Fraternity: A contemplative attitude towards the world around us
allows us to discover the presence of God in the events of ordinary daily
life and, especially, to see him in our brothers and sisters. Thus we are
led to appreciate the mystery of those with whom we share our lives.
Const.n.19
Commentary
In
our search for God, the Carmelite prayer tradition looks for an authentic
experience of God reflected in the recorded legacy of our saints and felt by
our contemporaries in the events of ordinary daily life. As the centrality
of Christ and the primacy of living our ‘allegiance to Jesus Christ’

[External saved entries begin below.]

(* Pruning is correct, i.e., (1) If ⟨E, C^WW, C^WR⟩ ↪* ⟨E_p, C^WW_p, C^WR_p⟩, then G is SER-acyclic if and only if G_p is SER-acyclic. (2) If ⟨E, C^WW, C^WR⟩ ↪* S_#, then G is not SER-acyclic.
   Context: A history H = (T, SO) consists of a set T of committed transactions (key-value reads R(x,v) and writes W(x,v)) and a session order SO. WriteTx_x denotes the set of transactions writing key x. The hyper-polygraph of H is G = (V, E, (C^WW, C^WR)) where V is the set of transactions, E is the set of known edges (labelled SO, WR, WW, RW with a key; initially the SO edges and the WR edges whose read value has a unique writer), C^WW = {{T →WW(x) S, S →WW(x) T} | T, S ∈ WriteTx_x, T ≠ S}, and C^WR = {{T_i →WR(x) S | T_i writes v to x} | S reads v from x}. A graph G' = (V, E') is compatible with G if E' ⊇ E, E' contains exactly one edge from each constraint in C^WW and in C^WR, and E' is closed under the derivation rule: T' →WR(x) T and T' →WW(x) S in E' imply T →RW(x) S in E'. G is called SER-acyclic if some compatible graph is acyclic (equivalently, for the hyper-polygraph of H, H satisfies Serializability, given H satisfies internal consistency). Pruning is modelled as a transition system ↪ on states ⟨E, C^WW, C^WR⟩, starting from the components of G; a state ⟨E_p, C^WW_p, C^WR_p⟩ corresponds to the hyper-polygraph G_p = (V, E_p, (C^WW_p, C^WR_p)). The rules, applied nondeterministically until none applies, are: - No-Choice: if ∅ ∈ C^WW ∪ C^WR, move to the terminal violation state S_#. - Cycle: if E is cyclic, move to S_#. - WW-Elim: for cons ∈ C^WW containing T →WW(x) T', if E ∪ ({T →WW(x) T'} ∪ {S →RW(x) T' | T →WR(x) S ∈ E}) is cyclic, replace cons by cons \ {T →WW(x) T'}. - WR-Elim: for cons ∈ C^WR containing T →WR(x) S, if E ∪ ({T →WR(x) S} ∪ {S →RW(x) T' | T →WW(x) T' ∈ E}) is cyclic, replace cons by cons \ {T →WR(x) S}. - WW-Intro: if a singleton {T →WW(x) T'} ∈ C^WW, remove it from C^WW and add {T →WW(x) T'} ∪ {S →RW(x) T' | T →WR(x) S ∈ E} to E. - WR-Intro: if a singleton {T →WR(x) S} ∈ C^WR, remove it from C^WR and add {T →WR(x) S} ∪ {S →RW(x) T' | T →WW(x) T' ∈ E} to E. ↪* denotes a finite sequence of such transitions. *)

theory Defs
  imports Main
begin

datatype ('k, 'v) op = R 'k 'v | W 'k 'v

record ('t, 'k, 'v) history =
  txns :: "'t set"
  ops  :: "'t \<Rightarrow> ('k, 'v) op list"
  so   :: "'t rel"

definition wf_history :: "('t, 'k, 'v) history \<Rightarrow> bool" where
  "wf_history H \<longleftrightarrow> so H \<subseteq> txns H \<times> txns H"

definition writes :: "('t, 'k, 'v) history \<Rightarrow> 't \<Rightarrow> 'k \<Rightarrow> 'v \<Rightarrow> bool" where
  "writes H t x v \<longleftrightarrow> t \<in> txns H \<and> W x v \<in> set (ops H t)"

definition reads :: "('t, 'k, 'v) history \<Rightarrow> 't \<Rightarrow> 'k \<Rightarrow> 'v \<Rightarrow> bool" where
  "reads H t x v \<longleftrightarrow> t \<in> txns H \<and> R x v \<in> set (ops H t)"

definition WriteTx :: "('t, 'k, 'v) history \<Rightarrow> 'k \<Rightarrow> 't set" where
  "WriteTx H x = {t \<in> txns H. \<exists>v. W x v \<in> set (ops H t)}"

datatype 'k label = SO | WR 'k | WW 'k | RW 'k

type_synonym ('t, 'k) edge = "'t \<times> 'k label \<times> 't"

definition cyclic :: "('t, 'k) edge set \<Rightarrow> bool" where
  "cyclic E \<longleftrightarrow> \<not> acyclic {(a, b). \<exists>l. (a, l, b) \<in> E}"

type_synonym ('t, 'k) hpg =
  "'t set \<times> ('t, 'k) edge set \<times> ('t, 'k) edge set set \<times> ('t, 'k) edge set set"

definition hyper_polygraph :: "('t, 'k, 'v) history \<Rightarrow> ('t, 'k) hpg" where
  "hyper_polygraph H =
    (txns H,
     {(t, SO, s) | t s. (t, s) \<in> so H}
       \<union> {(t, WR x, s) | t x s. \<exists>v. reads H s x v \<and> (\<forall>t'. writes H t' x v \<longleftrightarrow> t' = t)},
     {{(t, WW x, s), (s, WW x, t)} | t s x. t \<in> WriteTx H x \<and> s \<in> WriteTx H x \<and> t \<noteq> s},
     {{(t, WR x, s) | t. writes H t x v} | s x v. reads H s x v})"

definition rw_closed :: "('t, 'k) edge set \<Rightarrow> bool" where
  "rw_closed E' \<longleftrightarrow>
     (\<forall>t' t s x. (t', WR x, t) \<in> E' \<and> (t', WW x, s) \<in> E' \<longrightarrow> (t, RW x, s) \<in> E')"

definition compatible :: "('t, 'k) hpg \<Rightarrow> ('t, 'k) edge set \<Rightarrow> bool" where
  "compatible G E' \<longleftrightarrow>
    (case G of (V, E, Cww, Cwr) \<Rightarrow>
       (\<forall>(a, l, b) \<in> E'. a \<in> V \<and> b \<in> V)
       \<and> E \<subseteq> E'
       \<and> (\<forall>c \<in> Cww. \<exists>!e. e \<in> c \<and> e \<in> E')
       \<and> (\<forall>c \<in> Cwr. \<exists>!e. e \<in> c \<and> e \<in> E')
       \<and> rw_closed E')"

definition ser_acyclic :: "('t, 'k) hpg \<Rightarrow> bool" where
  "ser_acyclic G \<longleftrightarrow> (\<exists>E'. compatible G E' \<and> \<not> cyclic E')"

datatype ('t, 'k) pstate =
    St "('t, 'k) edge set" "('t, 'k) edge set set" "('t, 'k) edge set set"
  | Viol  \<comment> \<open>the terminal violation state S_#\<close>

inductive prune_step :: "('t, 'k) pstate \<Rightarrow> ('t, 'k) pstate \<Rightarrow> bool" where
  no_choice: "{} \<in> Cww \<union> Cwr \<Longrightarrow> prune_step (St E Cww Cwr) Viol"
| cycle: "cyclic E \<Longrightarrow> prune_step (St E Cww Cwr) Viol"
| ww_elim: "\<lbrakk> c \<in> Cww; (t, WW x, t') \<in> c;
             cyclic (E \<union> ({(t, WW x, t')} \<union> {(s, RW x, t') | s. (t, WR x, s) \<in> E})) \<rbrakk>
   \<Longrightarrow> prune_step (St E Cww Cwr) (St E ((Cww - {c}) \<union> {c - {(t, WW x, t')}}) Cwr)"
| wr_elim: "\<lbrakk> c \<in> Cwr; (t, WR x, s) \<in> c;
             cyclic (E \<union> ({(t, WR x, s)} \<union> {(s, RW x, t') | t'. (t, WW x, t') \<in> E})) \<rbrakk>
   \<Longrightarrow> prune_step (St E Cww Cwr) (St E Cww ((Cwr - {c}) \<union> {c - {(t, WR x, s)}}))"
| ww_intro: "{(t, WW x, t')} \<in> Cww
   \<Longrightarrow> prune_step (St E Cww Cwr)
         (St (E \<union> ({(t, WW x, t')} \<union> {(s, RW x, t') | s. (t, WR x, s) \<in> E}))
             (Cww - {{(t, WW x, t')}}) Cwr)"
| wr_intro: "{(t, WR x, s)} \<in> Cwr
   \<Longrightarrow> prune_step (St E Cww Cwr)
         (St (E \<union> ({(t, WR x, s)} \<union> {(s, RW x, t') | t'. (t, WW x, t') \<in> E}))
             Cww (Cwr - {{(t, WR x, s)}}))"

end

theory Submission
  imports Defs
begin

text \<open>Every pruning step leaves the set of acyclic compatible graphs unchanged. An edge
  eliminated from a constraint lies in no such graph, because an RW-closed graph containing
  it and the known edges also contains the RW edges it derives, and these already form a
  cycle. An introduced edge is forced, its constraint being a singleton, and so are the RW
  edges it derives. A step to S_# happens only when some constraint offers no choice or the
  known edges are cyclic, and then no acyclic compatible graph exists; reading S_# as not
  SER-acyclic, every step therefore preserves SER-acyclicity in both directions. Nothing
  about the history is used: the argument applies to any initial hyper-polygraph.\<close>

lemma cyclic_mono: "cyclic A \<Longrightarrow> A \<subseteq> B \<Longrightarrow> cyclic B"
  unfolding cyclic_def by (erule contrapos_nn, erule acyclic_subset) blast

definition selects_one :: "('t, 'k) edge set set \<Rightarrow> ('t, 'k) edge set \<Rightarrow> bool" where
  "selects_one C E' \<longleftrightarrow> (\<forall>c \<in> C. \<exists>!e. e \<in> c \<and> e \<in> E')"

lemma selects_one_empty: "{} \<in> C \<Longrightarrow> \<not> selects_one C E'"
  unfolding selects_one_def by blast

lemma selects_one_remove_unselected:
  assumes "c \<in> C" "e \<notin> E'"
  shows "selects_one ((C - {c}) \<union> {c - {e}}) E' \<longleftrightarrow> selects_one C E'"
proof -
  define P where "P d \<longleftrightarrow> (\<exists>!f. f \<in> d \<and> f \<in> E')" for d
  have same: "d \<in> c - {e} \<and> d \<in> E' \<longleftrightarrow> d \<in> c \<and> d \<in> E'" for d
    using assms(2) by blast
  have "P (c - {e}) \<longleftrightarrow> P c"
    unfolding P_def by (simp only: same)
  then show ?thesis
    using assms(1) unfolding selects_one_def P_def[symmetric] by auto
qed

lemma selects_one_singletonD: "selects_one C E' \<Longrightarrow> {e} \<in> C \<Longrightarrow> e \<in> E'"
  unfolding selects_one_def by blast

lemma selects_one_remove_singleton:
  "e \<in> E' \<Longrightarrow> selects_one (C - {{e}}) E' \<longleftrightarrow> selects_one C E'"
  unfolding selects_one_def by blast

lemma compatible_iff:
  "compatible (V, E, Cww, Cwr) E' \<longleftrightarrow>
     (\<forall>(a, l, b) \<in> E'. a \<in> V \<and> b \<in> V) \<and> E \<subseteq> E'
     \<and> selects_one Cww E' \<and> selects_one Cwr E' \<and> rw_closed E'"
  unfolding compatible_def selects_one_def by simp

lemma compatibleD:
  assumes "compatible (V, E, Cww, Cwr) E'"
  shows "E \<subseteq> E'" "selects_one Cww E'" "selects_one Cwr E'" "rw_closed E'"
  using assms unfolding compatible_iff by simp_all

definition add_ww :: "('t, 'k) edge set \<Rightarrow> 't \<Rightarrow> 'k \<Rightarrow> 't \<Rightarrow> ('t, 'k) edge set" where
  "add_ww E t x t' = E \<union> ({(t, WW x, t')} \<union> {(s, RW x, t') | s. (t, WR x, s) \<in> E})"

definition add_wr :: "('t, 'k) edge set \<Rightarrow> 't \<Rightarrow> 'k \<Rightarrow> 't \<Rightarrow> ('t, 'k) edge set" where
  "add_wr E t x s = E \<union> ({(t, WR x, s)} \<union> {(s, RW x, t') | t'. (t, WW x, t') \<in> E})"

lemma add_ww_subset:
  "E \<subseteq> E' \<Longrightarrow> rw_closed E' \<Longrightarrow> (t, WW x, t') \<in> E' \<Longrightarrow> add_ww E t x t' \<subseteq> E'"
  unfolding add_ww_def rw_closed_def by blast

lemma add_wr_subset:
  "E \<subseteq> E' \<Longrightarrow> rw_closed E' \<Longrightarrow> (t, WR x, s) \<in> E' \<Longrightarrow> add_wr E t x s \<subseteq> E'"
  unfolding add_wr_def rw_closed_def by blast

lemma compatible_ww_elim:
  assumes "c \<in> Cww" and "cyclic (add_ww E t x t')" and "\<not> cyclic E'"
  shows "compatible (V, E, (Cww - {c}) \<union> {c - {(t, WW x, t')}}, Cwr) E'
           \<longleftrightarrow> compatible (V, E, Cww, Cwr) E'"
proof -
  have "(t, WW x, t') \<notin> E'" if "E \<subseteq> E'" "rw_closed E'"
    using add_ww_subset[OF that] assms(2,3) cyclic_mono by blast
  then show ?thesis
    using selects_one_remove_unselected[OF assms(1)] unfolding compatible_iff by blast
qed

lemma compatible_wr_elim:
  assumes "c \<in> Cwr" and "cyclic (add_wr E t x s)" and "\<not> cyclic E'"
  shows "compatible (V, E, Cww, (Cwr - {c}) \<union> {c - {(t, WR x, s)}}) E'
           \<longleftrightarrow> compatible (V, E, Cww, Cwr) E'"
proof -
  have "(t, WR x, s) \<notin> E'" if "E \<subseteq> E'" "rw_closed E'"
    using add_wr_subset[OF that] assms(2,3) cyclic_mono by blast
  then show ?thesis
    using selects_one_remove_unselected[OF assms(1)] unfolding compatible_iff by blast
qed

lemma compatible_ww_intro:
  assumes "{(t, WW x, t')} \<in> Cww"
  shows "compatible (V, add_ww E t x t', Cww - {{(t, WW x, t')}}, Cwr) E'
           \<longleftrightarrow> compatible (V, E, Cww, Cwr) E'"
proof
  assume compat: "compatible (V, add_ww E t x t', Cww - {{(t, WW x, t')}}, Cwr) E'"
  then have edge: "(t, WW x, t') \<in> E'" and "E \<subseteq> E'"
    using compatibleD(1) unfolding add_ww_def by blast+
  with compat show "compatible (V, E, Cww, Cwr) E'"
    unfolding compatible_iff selects_one_remove_singleton[OF edge] by blast
next
  assume compat: "compatible (V, E, Cww, Cwr) E'"
  have edge: "(t, WW x, t') \<in> E'"
    using selects_one_singletonD[OF compatibleD(2)[OF compat] assms] .
  have "add_ww E t x t' \<subseteq> E'"
    using add_ww_subset[OF compatibleD(1,4)[OF compat] edge] .
  with compat show "compatible (V, add_ww E t x t', Cww - {{(t, WW x, t')}}, Cwr) E'"
    unfolding compatible_iff selects_one_remove_singleton[OF edge] by blast
qed

lemma compatible_wr_intro:
  assumes "{(t, WR x, s)} \<in> Cwr"
  shows "compatible (V, add_wr E t x s, Cww, Cwr - {{(t, WR x, s)}}) E'
           \<longleftrightarrow> compatible (V, E, Cww, Cwr) E'"
proof
  assume compat: "compatible (V, add_wr E t x s, Cww, Cwr - {{(t, WR x, s)}}) E'"
  then have edge: "(t, WR x, s) \<in> E'" and "E \<subseteq> E'"
    using compatibleD(1) unfolding add_wr_def by blast+
  with compat show "compatible (V, E, Cww, Cwr) E'"
    unfolding compatible_iff selects_one_remove_singleton[OF edge] by blast
next
  assume compat: "compatible (V, E, Cww, Cwr) E'"
  have edge: "(t, WR x, s) \<in> E'"
    using selects_one_singletonD[OF compatibleD(3)[OF compat] assms] .
  have "add_wr E t x s \<subseteq> E'"
    using add_wr_subset[OF compatibleD(1,4)[OF compat] edge] .
  with compat show "compatible (V, add_wr E t x s, Cww, Cwr - {{(t, WR x, s)}}) E'"
    unfolding compatible_iff selects_one_remove_singleton[OF edge] by blast
qed

lemma prune_step_compatible_iff:
  assumes "prune_step (St E Cww Cwr) (St Ep Cwwp Cwrp)" and "\<not> cyclic E'"
  shows "compatible (V, Ep, Cwwp, Cwrp) E' \<longleftrightarrow> compatible (V, E, Cww, Cwr) E'"
  using assms(1)
proof cases
  case (ww_elim c t x t')
  then show ?thesis
    using compatible_ww_elim[OF ww_elim(4) _ assms(2)] unfolding add_ww_def by simp
next
  case (wr_elim c t x s)
  then show ?thesis
    using compatible_wr_elim[OF wr_elim(4) _ assms(2)] unfolding add_wr_def by simp
next
  case (ww_intro t x t')
  then show ?thesis
    using compatible_ww_intro[OF ww_intro(4)] unfolding add_ww_def by simp
next
  case (wr_intro t x s)
  then show ?thesis
    using compatible_wr_intro[OF wr_intro(4)] unfolding add_wr_def by simp
qed

lemma prune_step_Viol_not_ser_acyclic:
  assumes "prune_step (St E Cww Cwr) Viol"
  shows "\<not> ser_acyclic (V, E, Cww, Cwr)"
  using assms
proof cases
  case no_choice
  then show ?thesis
    unfolding ser_acyclic_def using compatibleD(2,3) selects_one_empty by (metis Un_iff)
next
  case cycle
  then show ?thesis
    unfolding ser_acyclic_def using compatibleD(1) cyclic_mono by metis
qed

fun pstate_ser_acyclic :: "'t set \<Rightarrow> ('t, 'k) pstate \<Rightarrow> bool" where
  "pstate_ser_acyclic V (St E Cww Cwr) \<longleftrightarrow> ser_acyclic (V, E, Cww, Cwr)"
| "pstate_ser_acyclic V Viol \<longleftrightarrow> False"

lemma prune_step_preserves_ser_acyclic:
  assumes "prune_step s s'"
  shows "pstate_ser_acyclic V s' \<longleftrightarrow> pstate_ser_acyclic V s"
proof -
  obtain E Cww Cwr where s: "s = St E Cww Cwr"
    using assms by cases auto
  show ?thesis
  proof (cases s')
    case (St Ep Cwwp Cwrp)
    with assms have "compatible (V, Ep, Cwwp, Cwrp) E' \<longleftrightarrow> compatible (V, E, Cww, Cwr) E'"
      if "\<not> cyclic E'" for E'
      using prune_step_compatible_iff that unfolding s by blast
    then show ?thesis
      unfolding s St by (auto simp: ser_acyclic_def)
  next
    case Viol
    then show ?thesis
      using prune_step_Viol_not_ser_acyclic assms unfolding s by auto
  qed
qed

lemma prune_steps_preserve_ser_acyclic:
  "prune_step\<^sup>*\<^sup>* s s' \<Longrightarrow> pstate_ser_acyclic V s' \<longleftrightarrow> pstate_ser_acyclic V s"
  by (induction rule: rtranclp_induct) (simp_all add: prune_step_preserves_ser_acyclic)

theorem theoremE1:
  fixes H :: "('t, 'k, 'v) history"
  assumes "wf_history H"
    and "hyper_polygraph H = (V, E, Cww, Cwr)"
  shows "(\<forall>Ep Cwwp Cwrp. prune_step\<^sup>*\<^sup>* (St E Cww Cwr) (St Ep Cwwp Cwrp) \<longrightarrow>
            (ser_acyclic (V, E, Cww, Cwr) \<longleftrightarrow> ser_acyclic (V, Ep, Cwwp, Cwrp)))
       \<and> (prune_step\<^sup>*\<^sup>* (St E Cww Cwr) Viol \<longrightarrow> \<not> ser_acyclic (V, E, Cww, Cwr))"
  using prune_steps_preserve_ser_acyclic[where V = V] by fastforce

end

permeate the whole of the Carmelite Rule, it establishes for us the visible
signs of the transforming action occurring in ourselves and in each other,
so that “we can look at reality with the eyes of God and discern the
signs of the times.” (Open to God’s Future, 1997).
The
‘brotherhood’ envisaged in the Rule must reflect in our brothers and
sisters today the inspiring example of the first Christian community in
Jerusalem (Acts 2:42-46; 4:32-36), fostering the fraternal attitudes that
enhance the spiritual life of the community described there. In this way lay
Carmelites may become a living prophetic presence in the wider Christian
community and market-places of our world. In our time too, Christ Jesus is
not found alone - he is inevitably found within the members of his Body, his
brothers and sisters. Such is the community of authentic discipleship under
the guidance of Jesus, the Master, who teaches, presides and is at the
centre of their work and meetings. The 1995 General Chapter in its document
‘Our Mission Today’ was pleased to acknowledge:
‘The awareness of being a contemplative fraternity at the
service of the Church and the whole human family is growing more and more
among us.’
Constitutions n.20 states: “These fraternal values find expression and
nourishment in the Word, in the Eucharist and in prayer.” The Chapter
Document stated: “Lectio Divina, recognised by all
as an essential element, is widely practiced both in common and in private,
becoming the sign of our fidelity to the injunction to ‘meditate day and
night on the law of God’. The habit of listening to the Word prevents us
from falling into the trap of a selfishness which parades as spirituality.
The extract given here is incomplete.